Bentley Ishmael, Jocewicz Frank T, Johnson Bruce D, Mehta Hitesh P
Stimdia Medical Inc., Mendota Heights, MN, United States.
Mayo Clinic, Rochester, MN, United States.
Front Physiol. 2024 Jul 1;15:1397070. doi: 10.3389/fphys.2024.1397070. eCollection 2024.
Phrenic nerve stimulation is currently being investigated for the prevention of diaphragm atrophy in patients with mechanically supported breathing. Patients receiving breathing support from mechanical ventilation are at risk of mismatches between respiratory demand and ventilator support. Our objectives were to determine if a novel phrenic nerve stimulation device provided stimulation during inspiration as intended and did not exacerbate any potential discordances. A benchtop electromechanical simulation model was developed to validate phrenic nerve stimulation with simulated breathing.
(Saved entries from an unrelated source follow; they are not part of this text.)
lemma uniform_limit_field:
  assumes q: "q \<in> Q" and lim: "\<And>q'. q' \<in> Q \<Longrightarrow> uniform_limit S (\<lambda>n s. Xn n s q') (\<lambda>s. X s q') sequentially"
  shows "uniform_limit S (\<lambda>n s. F q (Xn n s)) (\<lambda>s. F q (X s)) sequentially"
proof (rule uniform_limitI)
  fix e :: real assume "e > 0"
  define e' where "e' = e / (L * card Q + 1)"
  have "L * card Q + 1 > 0" using nonneg(1) by (simp add: add_nonneg_pos)
  hence "e' > 0" using \<open>e > 0\<close> by (simp add: e'_def)
  have "\<forall>\<^sub>F n in sequentially. \<forall>q'\<in>Q. \<forall>s\<in>S. dist (Xn n s q') (X s q') < e'"
    using lim \<open>e' > 0\<close> by (intro eventually_ball_finite[OF finite_Q] ballI uniform_limitD[OF lim])
  thus "\<forall>\<^sub>F n in sequentially. \<forall>s\<in>S. dist (F q (Xn n s)) (F q (X s)) < e"
  proof eventually_elim
    case (elim n)
    show ?case
    proof
      fix s assume "s \<in> S"
      have "l1_dist Q (Xn n s) (X s) \<le> (\<Sum>q'\<in>Q. e')"
        unfolding l1_dist_def using elim \<open>s \<in> S\<close> by (intro sum_mono) (auto simp: dist_real_def less_imp_le)
      have "dist (F q (Xn n s)) (F q (X s)) \<le> L * l1_dist Q (Xn n s) (X s)"
        using lipschitz[OF q] by (simp add: dist_real_def)
      also have "\<dots> \<le> L * (card Q * e')"
        using mult_left_mono[OF \<open>l1_dist Q (Xn n s) (X s) \<le> _\<close> nonneg(1)] by simp
      also have "\<dots> = e * (L * card Q / (L * card Q + 1))" by (simp add: e'_def field_simps)
      also have "\<dots> < e"
        using \<open>e > 0\<close> \<open>L * card Q + 1 > 0\<close> by (simp add: divide_less_eq mult_less_cancel_left1)
      finally show "dist (F q (Xn n s)) (F q (X s)) < e" .
    qed
  qed
qed

lemma picard_map_tendsto:
  assumes cont: "\<And>n. continuous_path (Xn n)"
    and lim: "\<And>q'. q' \<in> Q \<Longrightarrow> uniform_limit {0..T} (\<lambda>n t. Xn n t q') (\<lambda>t. X t q') sequentially"
    and q: "q \<in> Q" and t: "t \<in> {0..T}"
  shows "(\<lambda>n. picard_map (Xn n) t q) \<longlonglongrightarrow> picard_map X t q"
proof -
  have cF: "\<And>n. continuous_on {t..T} (\<lambda>s. F q (Xn n s))"
    using continuous_on_field_tail[OF q cont t] .
  have "uniform_limit {t..T} (\<lambda>n s. F q (Xn n s)) (\<lambda>s. F q (X s)) sequentially"
  proof (rule uniform_limit_field[OF q])
    fix q' assume "q' \<in> Q"
    show "uniform_limit {t..T} (\<lambda>n s. Xn n s q') (\<lambda>s. X s q') sequentially"
      by (rule uniform_limit_on_subset[OF lim[OF \<open>q' \<in> Q\<close>]]) (use t in auto)
  qed
  then obtain I J where I: "\<And>n. ((\<lambda>s. F q (Xn n s)) has_integral I n) {t..T}"
    and J: "((\<lambda>s. F q (X s)) has_integral J) {t..T}" and "I \<longlonglongrightarrow> J"
    by (rule uniform_limit_integral[OF _ cF]) auto
  hence "(\<lambda>n. xT q - I n) \<longlonglongrightarrow> xT q - J" by (intro tendsto_intros)
  moreover have "integral {t..T} (\<lambda>s. F q (Xn n s)) = I n" for n using I by (rule integral_unique)
  ultimately show ?thesis using J by (simp add: picard_map_def integral_unique)
qed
The phrenic nerve stimulation device was evaluated with a mechanical ventilator attached to a breathing simulator. The trigger ratio and time lag between phrenic nerve stimulation and mechanical ventilation was measured for multiple disease and ventilator parameters. For the 1:1 breath trigger ratio test, 99.79% of intended stimulation breaths received stimulation at the correct time. For the 1:4 breath trigger ratio test, 99.72% of intended stimulation breaths received stimulation at the correct time. For trigger lag times for the inspiratory and expiratory phases, the mean inspiratory lag was 36.10 ± 10.50 ms and 16.61 ± 3.61 ms, respectively. The following discordance scenarios were evaluated in conjunction with simulated phrenic nerve stimulation: asynchrony-false trigger, dyssynchrony-early trigger, dyssynchrony-late trigger, dyssynchrony-early cycling, dyssynchrony-late cycling. Testing demonstrated none of these discordances were exacerbated by the simulated phrenic nerve stimulation. The novel phrenic nerve stimulation device delivered electrical stimulation therapy as intended and did not exacerbate any simulated discordances.
目前正在研究膈神经刺激术,以预防机械通气支持患者的膈肌萎缩。接受机械通气支持的患者存在呼吸需求与通气支持不匹配的风险。我们的目标是确定一种新型膈神经刺激装置是否能按预期在吸气时提供刺激,且不会加剧任何潜在的不协调情况。开发了一种台式机电模拟模型,以通过模拟呼吸来验证膈神经刺激。使用连接到呼吸模拟器的机械通气机对膈神经刺激装置进行评估。针对多种疾病和通气机参数,测量了膈神经刺激与机械通气之间的触发比率和时间延迟。在1:1呼吸触发比率测试中,99.79%的预期刺激呼吸在正确时间接受了刺激。在1:4呼吸触发比率测试中,99.72%的预期刺激呼吸在正确时间接受了刺激。对于吸气和呼气阶段的触发延迟时间,平均吸气延迟分别为36.10±10.50毫秒和16.61±3.61毫秒。结合模拟膈神经刺激评估了以下不协调情况:不同步-误触发、不同步-早触发、不同步-晚触发、不同步-早循环、不同步-晚循环。测试表明,模拟膈神经刺激并未加剧这些不协调情况。新型膈神经刺激装置按预期提供了电刺激治疗,且未加剧任何模拟的不协调情况。